-- Problem details --
The lines wanted run from the first one below through the one with "define u v where". Return them exactly.
(Data excerpts Opens)
lemma coprime_cross_mult_eq:
  fixes u v y w :: int
  assumes "coprime u v" "u * w = y * v"
  shows "\<exists>b. y = u * b \<and> w = v * b"
proof (cases "u = 0")
  case True
  then have "\<bar>v\<bar> = 1" using assms(1) by simp
  then show ?thesis using assms(2) True by (intro exI[of _ "v * w"]) (auto simp: abs_if split: if_splits)
next
  case False
  have "u dvd y * v" using assms(2) by (metis dvd_triv_left)
  then obtain b where "y = u * b" using assms(1) by (metis coprime_dvd_mult_left_iff dvdE)
  then show ?thesis using assms(2) False by (intro exI[of _ b]) (simp add: algebra_simps)
qed

lemma rank_one_factorization:
  fixes x y z w :: int
  assumes "x * w = y * z" "(x, z) \<noteq> (0, 0)"
  shows "\<exists>u v a b. a \<ge> 1 \<and> x = u * a \<and> z = v * a \<and> y = u * b \<and> w = v * b"
proof -
  define g where "g = gcd x z"
  have "g > 0" using assms(2) by (simp add: g_def)
  define u v where "u = x div g" and "v = z div g"
  have x: "x = u * g" and z: "z = v * g" by (simp_all add: g_def u_def v_def)
  have "coprime u v" using assms(2) unfolding u_def v_def g_def by (metis div_gcd_coprime)
  moreover have "u * w = y * v" using assms(1) \<open>g > 0\<close> by (simp add: x z algebra_simps)
  ultimately obtain b where "y = u * b \<and> w = v * b" using coprime_cross_mult_eq by blast
  then show ?thesis using x z \<open>g > 0\<close> by (intro exI[of _ u] exI[of _ v] exI[of _ g] exI[of _ b]) auto
qed
lemma lipschitz_on_UNIV_if_pointwise:
  fixes G :: "'a::real_normed_vector \<Rightarrow> 'b::metric_space"
  assumes L: "L \<ge> 0" and pointwise: "\<And>u. \<exists>\<epsilon>>0. \<forall>u'\<in>ball u \<epsilon>. dist (G u') (G u) \<le> L * dist u' u"
  shows "L-lipschitz_on UNIV G"
proof (rule lipschitz_onI[OF _ L])
  have contG: "continuous_on UNIV G"
    using isCont_if_pointwise_lipschitz[OF L pointwise] by (simp add: continuous_at_imp_continuous_on)
  fix y1 y2 :: 'a
  define N where "N = dist y1 y2"
  define p where "p t = G (y1 + t *\<^sub>R (y2 - y1))" for t
  have "(L * N)-lipschitz_on {0..1} p"
  proof (rule locally_lipschitz_imp_lipschitz)
    show "continuous_on {0..1} p"
      unfolding p_def using contG by (rule continuous_on_compose2) (auto intro!: continuous_intros)
    show "0 \<le> L * N" using L unfolding N_def by simp
    fix x y :: real assume "x \<in> {0..<1}" "y > x"
    obtain \<epsilon> where \<epsilon>: "\<epsilon> > 0" "\<forall>u'\<in>ball (y1 + x *\<^sub>R (y2 - y1)) \<epsilon>.
        dist (G u') (G (y1 + x *\<^sub>R (y2 - y1))) \<le> L * dist u' (y1 + x *\<^sub>R (y2 - y1))"
      using pointwise by blast
    define z where "z = min y (x + \<epsilon> / (N + 1))"
    have N0: "N \<ge> 0" unfolding N_def by simp
    have z: "x < z" "z \<le> y" unfolding z_def using \<open>y > x\<close> \<epsilon> N0 by auto
    have "(y1 + z *\<^sub>R (y2 - y1)) - (y1 + x *\<^sub>R (y2 - y1)) = (z - x) *\<^sub>R (y2 - y1)"
      by (simp add: scaleR_diff_left)
    then have dz: "dist (y1 + z *\<^sub>R (y2 - y1)) (y1 + x *\<^sub>R (y2 - y1)) = (z - x) * N"
      using z unfolding N_def dist_norm by (simp add: norm_minus_commute)
    have "(z - x) * N \<le> \<epsilon> / (N + 1) * N" unfolding z_def using N0 by (intro mult_right_mono) auto
    also have "\<dots> < \<epsilon>" using \<epsilon> N0 by (simp add: field_simps)
    finally have "y1 + z *\<^sub>R (y2 - y1) \<in> ball (y1 + x *\<^sub>R (y2 - y1)) \<epsilon>"
      using dz by (simp add: dist_commute)
    from bspec[OF \<epsilon>(2) this] have "dist (p z) (p x) \<le> L * N * (z - x)"
      unfolding p_def dz by (simp add: mult_ac)
    then show "\<exists>z\<in>{x<..y}. dist (p z) (p x) \<le> L * N * (z - x)"
      using z by auto
  qed
  then have "dist (p 1) (p 0) \<le> L * N * dist (1::real) 0" by (rule lipschitz_onD) auto
  then show "dist (G y1) (G y2) \<le> L * dist y1 y2"
    unfolding p_def N_def by (simp add: dist_commute)
qed

text \<open>The points where \<open>G\<close> inverts \<open>f\<close> form a closed set, which is open because \<open>f\<close> is
  injective near each point and \<open>G \<circ> f\<close> is continuous; so it is everything once it is nonempty.\<close>

lemma right_inverse_of_locally_expanding_is_left_inverse:
  fixes f G :: "'a::real_normed_vector \<Rightarrow> 'a"
  assumes contf: "continuous_on UNIV f" and contG: "continuous_on UNIV G"
    and k: "\<kappa> > 0" and le: "locally_expanding f \<kappa>"
    and right_inv: "\<And>u. f (G u) = u" and base: "G (f x0) = x0"
  shows "G (f z) = z"
proof -
  define A where "A = {z. G (f z) = z}"
  have contGf: "continuous_on UNIV (\<lambda>z. G (f z))"
    using continuous_on_compose2[OF contG contf] by simp
  have "closed A"
    unfolding A_def using contGf by (intro closed_Collect_eq continuous_on_id) auto
  moreover have "open A"
  proof (subst open_subopen, intro ballI)
    fix z assume z: "z \<in> A"
    obtain \<delta> where \<delta>: "\<delta> > 0" "expanding_on (ball z \<delta>) f \<kappa>"
      using le unfolding locally_expanding_def by blast
    obtain d where d: "d > 0" "\<And>z'. dist z' z < d \<Longrightarrow> dist (G (f z')) (G (f z)) < \<delta>"
      using contGf \<delta>(1) unfolding continuous_on_iff by (metis UNIV_I)
    have "z' \<in> A" if z': "z' \<in> ball z (min d \<delta>)" for z'
    proof -
      have "G (f z') \<in> ball z \<delta>" "z' \<in> ball z \<delta>"
        using d(2)[of z'] z z' unfolding A_def by (auto simp: dist_commute)
      then show ?thesis
        unfolding A_def using expanding_on_eqD[OF \<delta>(2) k] right_inv by blast
    qed
    then show "\<exists>T. open T \<and> z \<in> T \<and> T \<subseteq> A"
      using d(1) \<delta>(1) by (intro exI[of _ "ball z (min d \<delta>)"]) auto
  qed
  moreover have "x0 \<in> A" unfolding A_def using base by simp
  ultimately have "A = UNIV" using clopen by blast
  then show ?thesis unfolding A_def by auto
qed

text \<open>The inverse is obtained by lifting the segment from \<open>f 0\<close> to \<open>u\<close> through \<open>f\<close>.\<close>

theorem locally_expanding_bij_lipschitz_inv:
  fixes f :: "'a::euclidean_space \<Rightarrow> 'a"
  assumes contf: "continuous_on UNIV f" and k: "\<kappa> > 0" and le: "locally_expanding f \<kappa>"
  shows "bij f" and "(1 / \<kappa>)-lipschitz_on UNIV (inv f)"
proof -
  define L where "L u = (SOME l. segment_lift f \<kappa> 0 u 1 l)" for u
  have L: "segment_lift f \<kappa> 0 u 1 (L u)" for u
    unfolding L_def using segment_lift_exists[OF contf k le] by (rule someI_ex)
  define G where "G u = L u 1" for u
  have right_inv: "f (G u) = u" for u
    using L[of u] unfolding segment_lift_def G_def by auto
  have lipG: "(1 / \<kappa>)-lipschitz_on UNIV G"
    using k segment_lift_endpoint_lipschitz[OF k le L] unfolding G_def
    by (intro lipschitz_on_UNIV_if_pointwise) auto
  have "G (f 0) = 0"
    using L[of "f 0"] unfolding segment_lift_def G_def by auto
  then have left_inv: "G (f z) = z" for z
    using right_inverse_of_locally_expanding_is_left_inverse[OF contf
        lipschitz_on_continuous_on[OF lipG] k le right_inv] by blast
  have "inv f = G"
    using left_inv right_inv by (intro inv_equality ext) auto
  then show "bij f" "(1 / \<kappa>)-lipschitz_on UNIV (inv f)"
    using left_inv right_inv lipG by (auto intro!: o_bij[of G])
qed

section \<open>Local expansion from the star-coquasiderivative\<close>

lemma sublinear_0: "sublinear p \<Longrightarrow> p 0 = 0"
  unfolding sublinear_def by (metis mult_2 one_add_one scaleR_zero_right zero_less_numeral
      add_cancel_left_left mult.commute)

lemma star_diff_subdiff_memI:
  assumes p: "sublinear p" and q: "sublinear q" and le: "\<And>v. s \<bullet> v \<le> p v - q v"
  shows "s \<in> star_diff (subdiff p 0) (subdiff q 0)"
proof -
  have "s + b \<in> subdiff p 0" if "b \<in> subdiff q 0" for b
  proof -
    have "b \<bullet> y \<le> q y" for y using that sublinear_0[OF q] unfolding subdiff_def by force
    then show ?thesis using le sublinear_0[OF p] unfolding subdiff_def
      by (simp add: inner_add_left) (smt (verit))
  qed
  then show ?thesis unfolding star_diff_def by blast
qed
(Data excerpts Closes)
-- Answer area --
lemma coprime_cross_mult_eq:
  fixes u v y w :: int
  assumes "coprime u v" "u * w = y * v"
  shows "\<exists>b. y = u * b \<and> w = v * b"
proof (cases "u = 0")
  case True
  then have "\<bar>v\<bar> = 1" using assms(1) by simp
  then show ?thesis using assms(2) True by (intro exI[of _ "v * w"]) (auto simp: abs_if split: if_splits)
next
  case False
  have "u dvd y * v" using assms(2) by (metis dvd_triv_left)
  then obtain b where "y = u * b" using assms(1) by (metis coprime_dvd_mult_left_iff dvdE)
  then show ?thesis using assms(2) False by (intro exI[of _ b]) (simp add: algebra_simps)
qed

lemma rank_one_factorization:
  fixes x y z w :: int
  assumes "x * w = y * z" "(x, z) \<noteq> (0, 0)"
  shows "\<exists>u v a b. a \<ge> 1 \<and> x = u * a \<and> z = v * a \<and> y = u * b \<and> w = v * b"
proof -
  define g where "g = gcd x z"
  have "g > 0" using assms(2) by (simp add: g_def)
  define u v where "u = x div g" and "v = z div g"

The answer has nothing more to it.